Владимир Соловьев так же блестяще знал немецкий язык, как и французский и английский и умел адекватно передавать, стиль (внутренний) немецких мыслителей в своем изложении, улучшая этот стиль и как бы показывая, каким он мог бы быть, если бы эти авторы лучше владели своим языком. Заметим кстати, что «Критика чистого разума» Канта в обоих переводах И.О. Лосского при всей их точности гораздо совершеннее по своему стилю, чем несносный оригинал Канта, который «точно на лошадь хомут клещами натягивает». Однако, читая превосходный перевод Вл. Соловьева очень важной, хотя небольшой книжечки Канта «Пролегомены ко всякой будущей метафизике могущей возникнуть в смысле науки», начинаешь давать себе полностью отчет и в философской гениальности Канта, и в литературной одаренности Вл. Соловьева. Но эта «литературная одаренность» соединена у Вл. Соловьева в один морфологический комплекс с одаренностью философской: ибо такие переводы возможны только при наличии, если так можно выразиться, дара философского перевоплощения, что бывает очень редко. Единственное, чего не выносил Владимир Соловьев, – это бездарное и скучное философствование позитивистов и материалистов, которых неизбежно, как судьба, сопровождал вялый слог «сонной одури». Это по сей день – слог всевозможных изданий вроде брошюрок против религии «Безбожников у станка», «Науки и жизни», писаний субъектов вроде Емельки Ярославского, Демьяна Бедного, «Крокодила».

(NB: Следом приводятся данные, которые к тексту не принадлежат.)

lemma Z_mmul_P_self: assumes "1 \<le> k" "k < N" shows "mm (Z k) (P k) = Z k"
proof -
  have "E k \<subseteq> B" using level_subset_basis[of k] assms by simp
  then show ?thesis by (intro mmul_Pk_cols_in finite_basis cols_in_Zk)
qed

lemma Z_mmul_absZ: assumes "1 \<le> k" "k < N" shows "mm (Z k) (absZ k) = Z k"
proof -
  have "mm (Z k) (absZ k) = mm (mm (Z k) (adj (Z k))) (Z k)" unfolding Zabs_def by (simp add: mmul_assoc)
  also have "\<dots> = mm (P (k + 1)) (Z k)" using Z_mmul_adj_Z[OF assms] by simp
  also have "\<dots> = Z k" by (rule P_Suc_mmul_Z[OF assms])
  finally show ?thesis .
qed

lemma absZ_mmul_adj_Z: assumes "1 \<le> k" "k < N" shows "mm (absZ k) (adj (Z k)) = adj (Z k)"
  using Z_mmul_absZ[OF assms] by (metis adj_absZ adj_adj adj_mmul)

lemma absZ_idem: assumes "1 \<le> k" "k < N" shows "mm (absZ k) (absZ k) = absZ k"
  using Z_mmul_absZ[OF assms] unfolding Zabs_def by (simp add: mmul_assoc)

lemma app_adj_Z1_ket: "app B (adj (Z 1)) (ket (St 2 0)) = phi1"
proof -
  have n2: "n 2 \<ge> 1" using n_pos[of 2] N_ge_2 by auto
  have m: "St 2 0 \<in> B" using St_in_basis N_ge_2 n2 by auto
  show ?thesis
  proof (rule ext)
    fix i
    have "app B (adj (Z 1)) (ket (St 2 0)) i = cnj (Z 1 (St 2 0) i)"
      using m finite_basis by (simp add: app_ket adj_def)
    also have "\<dots> = phi1 i"
      using n2 by (cases i) (auto simp: Zk_def phi_def numeral_2_eq_2)
    finally show "app B (adj (Z 1)) (ket (St 2 0)) i = phi1 i" .
  qed
qed

lemma app_absZ1_phi1: "app B (absZ 1) phi1 = phi1"
proof -
  have n2: "n 2 \<ge> 1" using n_pos[of 2] N_ge_2 by auto
  have m: "St 2 0 \<in> B" using St_in_basis N_ge_2 n2 by auto
  have N1: "1 < N" using N_ge_2 by simp
  have "app B (absZ 1) phi1 = app B (mm (adj (Z 1)) (mm (Z 1) (adj (Z 1)))) (ket (St 2 0))"
    unfolding Zabs_def app_adj_Z1_ket[symmetric] by (simp add: app_mmul)
  also have "\<dots> = app B (adj (Z 1)) (app B (P 2) (ket (St 2 0)))"
    using Z_mmul_adj_Z[of 1] N1 by (simp add: app_mmul numeral_2_eq_2)
  also have "app B (P 2) (ket (St 2 0)) = ket (St 2 0)"
    unfolding app_ket[OF finite_basis m] using n2 by (intro ext) (auto simp: Pk_apply ket_def level_def)
  finally show ?thesis using app_adj_Z1_ket by simp
qed

lemma Kraus_simps:
  "Kraus N n \<Gamma> Neg WPlus = opscale (complex_of_real (sqrt (real (n 1) * \<Gamma> Neg WPlus))) (ketbra phi1 (ket Pl))"
  "Kraus N n \<Gamma> Pos WPlus = opscale (complex_of_real (sqrt (real (n 1) * \<Gamma> Pos WPlus))) (ketbra (ket Pl) phi1)"
  "Kraus N n \<Gamma> Neg (W k) = opscale (complex_of_real (sqrt (\<Gamma> Neg (W k)))) (Z k)"
  "Kraus N n \<Gamma> Pos (W k) = opscale (complex_of_real (sqrt (\<Gamma> Pos (W k)))) (adj (Z k))"
  "Kraus N n \<Gamma> Neg WMinus = opscale (complex_of_real (sqrt (\<Gamma> Neg WMinus))) (ketbra (ket Mn) phiN)"
  "Kraus N n \<Gamma> Pos WMinus = 0"
  unfolding Kraus_def by (auto intro!: ext)

lemma hops_Kraus: "w \<in> freqs N \<Longrightarrow> Kraus N n \<Gamma> e w \<in> hops B"
  using hvecs_phi1 unfolding freqs_eq
  by (cases e) (auto simp: Kraus_simps intro!: hops_scale hops_ketbra hvecs_phi1 hvecs_phiN hvecs_ket_Pl hvecs_ket_Mn
      hops_Z hops_adj)

lemma Gamma_pos_freq: "w \<in> freqs N \<Longrightarrow> \<Gamma> e w > 0" using Gamma_pos by auto

lemma W_in_freqs: "1 \<le> k \<Longrightarrow> k \<le> N - 1 \<Longrightarrow> W k \<in> freqs N" unfolding freqs_def by auto

(* Once rho e = 0, the Hamiltonian and anticommutator terms of <e, L(rho) e> vanish and what is
   left is the sum of the nonnegative numbers <L^* e, rho L^* e>. *)

lemma invariant_kernel_Kraus_adj:
  assumes H: "\<rho> \<in> hops B" "psd B \<rho>" "Lgen N n \<Gamma> \<gamma> \<rho> = 0" and e: "app B \<rho> (ket i) = 0" "i \<in> B"
    and w: "w \<in> freqs N"
  shows "app B \<rho> (app B (adj (Kraus N n \<Gamma> ep w)) (ket i)) = 0"
proof -
  have herm: "adj \<rho> = \<rho>" using psd_selfadjoint[OF H(1,2) finite_basis] .
  let ?g = "\<lambda>w ep. inner_h B (app B (adj (Kraus N n \<Gamma> ep w)) (ket i)) (app B \<rho> (app B (adj (Kraus N n \<Gamma> ep w)) (ket i)))"
  have hv: "\<And>w ep. w \<in> freqs N \<Longrightarrow> app B (adj (Kraus N n \<Gamma> ep w)) (ket i) \<in> hvecs B"
    by (intro hvecs_app hops_adj hops_Kraus)
  have nn: "\<And>w ep. w \<in> freqs N \<Longrightarrow> Re (?g w ep) \<ge> 0 \<and> Im (?g w ep) = 0"
    using H(2) hv unfolding psd_def by blast
  have "0 = inner_h B (ket i) (app B (Lgen N n \<Gamma> \<gamma> \<rho>) (ket i))" using H(3) by simp
  also have "\<dots> = (\<Sum>w\<in>freqs N. \<Sum>ep\<in>{Neg, Pos}. ?g w ep)"
    unfolding Lgen_eq_dissipators app_add inner_h_add_right inner_h_app_opscale app_sum inner_h_sum_right
    by (simp add: inner_commutator_kernel[OF herm e(1)] inner_dissipator_kernel[OF herm e(1)])
  finally have s0: "(\<Sum>w\<in>freqs N. \<Sum>ep\<in>{Neg, Pos}. ?g w ep) = 0" by simp
  have "Re (\<Sum>ep\<in>{Neg, Pos}. ?g w ep) = 0"
    using s0 w nn by (intro Re_sum_nonneg_eq_zero[OF finite_freqs, where g="\<lambda>w. \<Sum>ep\<in>{Neg, Pos}. ?g w ep"])
      (auto simp: Re_sum intro!: sum_nonneg)
  then have "Re (?g w ep) = 0"
    using nn w by (intro Re_sum_nonneg_eq_zero[where S="{Neg, Pos}" and g="?g w"]) (auto, cases ep, auto)
  then have "?g w ep = 0" using nn[OF w, of ep] by (simp add: complex_eq_iff)
  then show ?thesis by (rule psd_app_eq_zero[OF H(1,2) finite_basis hv[OF w]])
qed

Вл. Соловьев обладал способностью уничтожать такую мелюзгу одним щелчком. Как ловко, например, он уничтожил Лесевича, критиковавшего его диссертацию «Кризис западной философии». Владимир Соловьев убедительно и в немногих словах показал, что его критик « ничего, кроме заглавия, не прочитал, – да и заглавие дурно понял»… Стальной рапирой поражает автор «Трех разговоров» другого тупицу – проф. Троицкого, образовавшего П.Н. Милюкова по своему образу и подобию. Некролог по поводу приказавшего долго жить старого глупца Вл. Соловьев начинает так:
«Я познакомился с проф. Троицким в тот период его жизни, когда он уподобился безмятежным богам Эпикура, или, если угодно, – стоячей воде»…

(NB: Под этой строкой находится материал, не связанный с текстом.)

lemma reach_block_walk:
  assumes "0 \<le> c" "c \<le> G" "0 \<le> e" "e < K" "\<forall>s<t. (e - 2 * int s) mod K \<noteq> 0"
  shows "reach (cell c e) (cell ((c + int t) mod M) ((e - 2 * int t) mod K))"
  using assms(5)
proof (induction t)
  case 0
  then show ?case using assms G_bounds reachable_refl by simp
next
  case (Suc t)
  let ?c = "(c + int t) mod M" and ?e = "(e - 2 * int t) mod K"
  have "reach (cell c e) (cell ?c ?e)" using Suc by simp
  moreover have "?e \<noteq> 0" "0 \<le> ?e" "?e < K"
    using Suc.prems k_ge_3 by simp_all
  then have "reach (cell ?c ?e) (cell ((?c + 1) mod M) ((?e - 2) mod K))"
    using reach_block_step[of ?c ?e] block_mod_M by simp
  moreover have "(?c + 1) mod M = (c + int t + 1) mod M"
    by (rule mod_add_left_eq)
  moreover have "(?e - 2) mod K = (e - 2 * int t - 2) mod K"
    by (rule mod_diff_left_eq)
  ultimately show ?case
    using reachable_trans by (simp add: algebra_simps)
qed

lemma reach_block_to_zero:
  assumes "0 \<le> c" "c \<le> G" "0 \<le> e" "e < K"
  obtains c' where "0 \<le> c'" "c' \<le> G" "reach (cell c e) (cell c' 0)"
proof -
  let ?P = "\<lambda>s::nat. (e - 2 * int s) mod K = 0"
  obtain q where q: "k = 2 * q + 1" using odd_k oddE by blast
  have s: "int (nat e * (q + 1)) = e * (int q + 1)"
    using assms(3) by (simp add: algebra_simps)
  have multiple: "e - 2 * (e * (int q + 1)) = (- e) * K"
    using q by (simp add: algebra_simps)
  have "?P (nat e * (q + 1))"
    unfolding s multiple by simp
  define t where "t = (LEAST s. ?P s)"
  have "?P t"
    unfolding t_def by (rule LeastI) fact
  moreover have "\<not> ?P s" if "s < t" for s
    using that unfolding t_def by (rule not_less_Least)
  ultimately have "reach (cell c e) (cell ((c + int t) mod M) 0)"
    using reach_block_walk[OF assms, of t] by simp
  with that show ?thesis using block_mod_M by blast
qed

lemma reach_block_top_to_zero:
  assumes "0 \<le> c" "c \<le> G"
  shows "reach (cell c (K - 2)) (cell ((c + K - 1) mod M) 0)"
proof -
  have "(K - 2 - 2 * int s) mod K \<noteq> 0" if "s < k - 1" for s
  proof
    assume "(K - 2 - 2 * int s) mod K = 0"
    then have "K dvd K - 2 - 2 * int s"
      by (rule mod_0_imp_dvd)
    then have "K dvd K - (K - 2 - 2 * int s)"
      by (rule dvd_diff[OF dvd_refl])
    then have "K dvd 2 * (int s + 1)"
      by (simp add: algebra_simps)
    moreover have "coprime K 2"
      using odd_k by simp
    ultimately have "K dvd int s + 1"
      using coprime_dvd_mult_right_iff by blast
    then show False
      using zdvd_imp_le[of K "int s + 1"] that by simp
  qed
  then have "reach (cell c (K - 2)) (cell ((c + int (k - 1)) mod M) ((K - 2 - 2 * int (k - 1)) mod K))"
    using reach_block_walk[of c "K - 2" "k - 1"] assms k_ge_3 by simp
  moreover have "K - 2 - 2 * int (k - 1) = - K" "c + int (k - 1) = c + K - 1"
    using k_ge_3 by simp_all
  ultimately show ?thesis by (simp add: add_diff_eq)
qed

definition jump :: "int \<Rightarrow> nat \<Rightarrow> int" where
  "jump j s = (j - int s * (K - 1)) mod N"

lemma jump_bounds: "0 \<le> jump j s" "jump j s < N"
  unfolding jump_def using k_less_n by simp_all

lemma jump_0: "0 \<le> j \<Longrightarrow> j < N \<Longrightarrow> jump j 0 = j"
  unfolding jump_def by simp

lemma next_col_jump: "next_col (jump j s) 0 = jump j (Suc s)"
proof -
  have "(jump j s + (1 - K)) mod N = (j - int s * (K - 1) + (1 - K)) mod N"
    unfolding jump_def by (rule mod_add_left_eq)
  also have "j - int s * (K - 1) + (1 - K) = j - int (Suc s) * (K - 1)"
    by (simp add: algebra_simps)
  finally show ?thesis
    unfolding next_col_def jump_def by simp
qed

lemma jump_mod_G: "jump j s mod G = j mod G"
proof -
  have "jump j s mod G = (j - int s * (K - 1)) mod G"
    unfolding jump_def using G_dvd(1) by (rule mod_mod_cancel)
  also have "\<dots> = j mod G"
    using G_dvd(2) by (simp add: mod_eq_dvd_iff)
  finally show ?thesis .
qed

lemma jump_hits:
  assumes "G dvd c - j" "0 \<le> c" "c < N"
  obtains s where "1 \<le> s" "jump j s = c"
proof -
  have "gcd (- (K - 1)) N = G"
    unfolding G_eq_gcd by (metis gcd_neg1_int gcd.commute)
  with assms(1) have "gcd (- (K - 1)) N dvd c - j"
    by simp
  then obtain s where "1 \<le> s" "(j + int s * (- (K - 1))) mod N = c"
    using exists_linear_mod_eq[of "- (K - 1)" N c j] assms(2,3) k_less_n by auto
  moreover have "j + int s * (- (K - 1)) = j - int s * (K - 1)"
    by (simp add: algebra_simps)
  ultimately show ?thesis
    using that unfolding jump_def by metis
qed

lemma funpow_T_jump:
  assumes "0 \<le> j" "j < N" "\<forall>s'\<in>{1..s}. G < jump j s'"
  shows "(T ^^ s) (cell j 0) = cell (jump j s) 0"
  using assms(3)
proof (induction s)
  case 0
  then show ?case using jump_0 assms(1,2) by simp
next
  case (Suc s)
  then have "(T ^^ s) (cell j 0) = cell (jump j s) 0" "G < jump j (Suc s)"
    by auto
  then show ?case
    using T_zero[of "jump j s"] jump_bounds by (simp add: next_col_jump)
qed

lemma first_landing:
  assumes "0 \<le> j" "j < N" "1 \<le> s" "jump j s \<le> G"
  obtains s' where "1 \<le> s'" "s' \<le> s" "jump j s' \<le> G"
    "reach (cell j 0) (cell (jump j s') (K - 2))"
proof -
  let ?P = "\<lambda>s. 1 \<le> s \<and> jump j s \<le> G"
  define s' where "s' = (LEAST s. ?P s)"
  have P: "?P s'"
    unfolding s'_def by (rule LeastI[of ?P s]) (use assms in simp)
  have "s' \<le> s"
    unfolding s'_def by (rule Least_le) (use assms in simp)
  obtain r where r: "s' = Suc r"
    using P by (cases s') auto
  have "G < jump j s''" if "s'' \<in> {1..r}" for s''
  proof -
    have "s'' < s'"
      using that r by simp
    then have "\<not> ?P s''"
      using not_less_Least[of s'' ?P] unfolding s'_def by blast
    with that show ?thesis by simp
  qed
  then have "(T ^^ r) (cell j 0) = cell (jump j r) 0"
    using funpow_T_jump[OF assms(1,2)] by blast
  moreover have "T (cell (jump j r) 0) = cell (jump j s') (K - 2)"
    using T_zero[of "jump j r"] jump_bounds P next_col_jump[of j r] r by simp
  ultimately have "(T ^^ s') (cell j 0) = cell (jump j s') (K - 2)"
    using r by simp
  with P \<open>s' \<le> s\<close> that show ?thesis
    using reachable_funpow by metis
qed

lemma reach_landing:
  assumes "0 \<le> j" "j < N"
  obtains c where "0 \<le> c" "c \<le> G" "reach (cell j 0) (cell c (K - 2))"
proof -
  have "G dvd j mod G - j"
    using mod_eq_dvd_iff[of "j mod G" G j] by simp
  moreover have "0 \<le> j mod G" "j mod G < G"
    using G_bounds by simp_all
  moreover from this have "j mod G < N"
    using G_bounds by linarith
  ultimately obtain s where "1 \<le> s" "jump j s = j mod G"
    using jump_hits by blast
  then obtain s' where "jump j s' \<le> G" "reach (cell j 0) (cell (jump j s') (K - 2))"
    using first_landing[OF assms, of s] \<open>j mod G < G\<close> by auto
  with that show ?thesis using jump_bounds by blast
qed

Все основные произведения Вл. Соловьева, как-то: «Кризис западной философии», «Критика отвлеченных начал», «Оправдание добра», «Смысл любви», «Жизненная драма Платона», «Чтения о богочеловечестве» – буквально блещут хорошим и острым индивидуальным стилем великолепной философской прозы. Сверх этого Вл. Соловьев был отличным, хотя не всегда справедливым, критиком, журналистом и публицистом. Его оригинальнейшее и особняком стоящее как в истории русской мысли, так и в русской публицистике творение – «Три разговора» – заслуживает специального анализа.
«Три разговора» – лебединая песнь великого философа. В ней он сочетал переживание личного апокалипсиса, личной эсхатологии, чем всегда бывает кончина больших людей, с пророчеством о близящейся кончине мира, ибо, по мнению Вл. Соловьева, «мировая история сыграна», хотя «ее пятый акт может растянуться еще на пять актов». Для Вл. Соловьева времена и сроки сдвинулись, сблизились в предчувствии скорой кончины. Сама по себе эта тема уже в высшей степени значительна. Но Вл. Соловьеву, по причине размера его дара, удалось овладеть многими мировыми перспективами, хотя сама «Повесть об Антихристе», как и следовало ожидать, «не удалась» и «не закончена».

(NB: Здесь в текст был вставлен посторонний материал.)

lemma is_peak_is_valley_apos:
  assumes "1 \<le> k" "k \<le> length \<alpha> - 1"
  shows "is_peak \<alpha> (apos \<alpha> k) \<longleftrightarrow> odd k" and "is_valley \<alpha> (apos \<alpha> k) \<longleftrightarrow> even k"
proof -
  define q where "q = apos \<alpha> k"
  have q: "2 \<le> q" "Suc q \<le> fn \<alpha>"
    using two_le_apos[of k] apos_mono[of k "length \<alpha> - 1" \<alpha>] apos_butlast assms
    unfolding q_def by auto
  have "k < length \<alpha>" using assms length_ge_2 by auto
  then have "apos \<alpha> (k - 1) \<le> q - 1" "q < apos \<alpha> (Suc k)"
    using apos_strict_mono[of "k - 1" k] apos_strict_mono[of k "Suc k"] assms unfolding q_def by auto
  then have left: "cov \<alpha> (q - 1) q \<longleftrightarrow> odd k" "cov \<alpha> q (q - 1) \<longleftrightarrow> even k"
    and right: "cov \<alpha> q (Suc q) \<longleftrightarrow> even k" "cov \<alpha> (Suc q) q \<longleftrightarrow> odd k"
    using cov_in_segment_iff[of k \<alpha> "q - 1"] cov_in_segment_iff[of "Suc k" \<alpha> q] assms q
    unfolding q_def by auto
  have "cov \<alpha> y q \<longleftrightarrow> (y = q - 1 \<or> y = Suc q) \<and> odd k" for y
    using cov_adjacent[of \<alpha> y q] left right q by auto
  then have lower: "{y \<in> elems \<alpha>. cov \<alpha> y q} = (if odd k then {q - 1, Suc q} else {})"
    using cov_in_elems by auto
  have "cov \<alpha> q y \<longleftrightarrow> (y = q - 1 \<or> y = Suc q) \<and> even k" for y
    using cov_adjacent[of \<alpha> q y] left right q by auto
  then have upper: "{y \<in> elems \<alpha>. cov \<alpha> q y} = (if even k then {q - 1, Suc q} else {})"
    using cov_in_elems by auto
  have "card {q - 1, Suc q} = 2" using q by simp
  then show "is_peak \<alpha> (apos \<alpha> k) \<longleftrightarrow> odd k" "is_valley \<alpha> (apos \<alpha> k) \<longleftrightarrow> even k"
    unfolding is_peak_def is_valley_def q_def[symmetric] lower upper by auto
qed

end

locale fence_segment = fence +
  fixes i :: nat
  assumes index_ge_1: "1 \<le> i" and index_le_length: "i \<le> length \<alpha>"
    and part_ge_2: "alph \<alpha> i \<ge> 2"
begin

abbreviation lo :: nat where "lo \<equiv> apos \<alpha> (i - 1)"
abbreviation hi :: nat where "hi \<equiv> apos \<alpha> i"
abbreviation N :: nat where "N \<equiv> alph \<alpha> i"

(* pos 0 and pos N are the valley and the peak of the segment if these exist;
   otherwise they are 0 or fn + 1, outside elems. *)
definition pos :: "nat \<Rightarrow> nat" where
  "pos m = (if odd i then lo + m else hi - m)"

lemma hi_eq: "hi = lo + N"
  using apos_Suc[of "i - 1" \<alpha>] index_ge_1 index_le_length by (simp add: alph_def)

lemma lo_cases: "(i = 1 \<and> lo = 0) \<or> (2 \<le> i \<and> 2 \<le> lo)"
  using two_le_apos[of "i - 1"] index_ge_1 by (cases "i = 1") auto

lemma hi_cases: "(i = length \<alpha> \<and> hi = fn \<alpha> + 1) \<or> (i < length \<alpha> \<and> Suc hi \<le> fn \<alpha>)"
proof (cases "i = length \<alpha>")
  case False
  then have "hi \<le> apos \<alpha> (length \<alpha> - 1)" using apos_mono index_le_length by simp
  then show ?thesis using apos_butlast False index_le_length by simp
qed (simp add: apos_length)

lemma lo_in_elems_iff: "lo \<in> elems \<alpha> \<longleftrightarrow> 2 \<le> i"
  using lo_cases hi_cases hi_eq part_ge_2 by (auto simp: elems_def)

lemma hi_in_elems_iff: "hi \<in> elems \<alpha> \<longleftrightarrow> i < length \<alpha>"
  using lo_cases hi_cases hi_eq part_ge_2 by (auto simp: elems_def)

lemma pos_in_elems: "1 \<le> m \<Longrightarrow> m < N \<Longrightarrow> pos m \<in> elems \<alpha>"
  using lo_cases hi_cases hi_eq unfolding pos_def by (auto simp: elems_def)

lemma inj_on_pos: "inj_on pos {0..N}"
  unfolding inj_on_def pos_def using hi_eq by auto

lemma pos_image:
  assumes "a \<le> b" "b \<le> N"
  shows "pos ` {a..b} = {min (pos a) (pos b)..max (pos a) (pos b)}"
proof (cases "odd i")
  case True
  then show ?thesis using assms unfolding pos_def by (simp add: image_add_atLeastAtMost add.commute)
next
  case False
  have "x \<in> pos ` {a..b}" if "hi - b \<le> x" "x \<le> hi - a" for x
    using that assms hi_eq False unfolding pos_def by (intro image_eqI[of _ _ "hi - x"]) auto
  then show ?thesis using assms hi_eq False unfolding pos_def by auto
qed

lemma cov_pos_Suc:
  assumes "m < N" "pos m \<in> elems \<alpha>" "pos (Suc m) \<in> elems \<alpha>"
  shows "cov \<alpha> (pos m) (pos (Suc m))"
proof (cases "odd i")
  case True
  then show ?thesis
    using cov_in_segment_iff(1)[of i \<alpha> "lo + m"] assms index_ge_1 index_le_length hi_eq
    unfolding pos_def by (simp add: elems_def)
next
  case False
  have "pos m = Suc (hi - Suc m)" "pos (Suc m) = hi - Suc m" "lo \<le> hi - Suc m" "hi - Suc m < hi"
    using False assms(1) hi_eq unfolding pos_def by auto
  then show ?thesis
    using cov_in_segment_iff(2)[of i \<alpha> "hi - Suc m"] False assms index_ge_1 index_le_length
    by (simp add: elems_def)
qed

Форма этого произведения – диалогическая. Вл. Соловьев был знатоком Платона, написал великолепную статью о нем и перевел его многие диалоги, не говоря уже о написанной им блестящей «Жизненной драме Платона». Поэтому он и овладел с таким совершенством диалогической формой. Стиль этих диалогов живой, блестящий и остроумный. Лица в них выведенные – тоже вполне живы и отличаются от автора, который сам себя вывел в лице господина Зет. Правда, фигура «Князя», под которым несомненно надо разуметь ненавистного Вл. Соловьеву Л.Н. Толстого, чуть-чуть сбивается на карикатуру. Но делать нечего, ведь несомненно и Платон в этом отношении не церемонился, да и как было ему церемониться с теми, которые убили Сократа? В общем упрямый фанатизм толстовского доктринализма эпохи непротивления все-таки выведен Соловьевым с удивительной выпуклостью, равно как и все его недочеты и провалы.
Вл. Соловьев ставит этот вопрос в органической связи с тем, что св. ап. Павел именует «взятием удерживающего». Поэтому для него «толстовство» есть прямая прелюдия к «Повести об Антихристе». Зато великолепный образ генерала – антипода «Князя» – для Вл. Соловьева есть как бы земной двойник архангела Михаила… И рассказ этого земного архангела об истреблении шайки башибузуков (речь идет о русско-турецкой войне 1877–1878 гг.), замучивших население армянской деревни, дышит – помимо своей первоклассной художественности – таким заразительным пафосом, таким чисто воинским воодушевлением, что второго такого повествования придется долго искать на страницах художественной литературы. С точки зрения чистой художественности этот рассказ и есть вершина «Трех разговоров». Сама «Повесть об Антихристе» вначале слишком схематична, и ее художественный интерес плачевно падает по мере приближения к неосуществленному концу…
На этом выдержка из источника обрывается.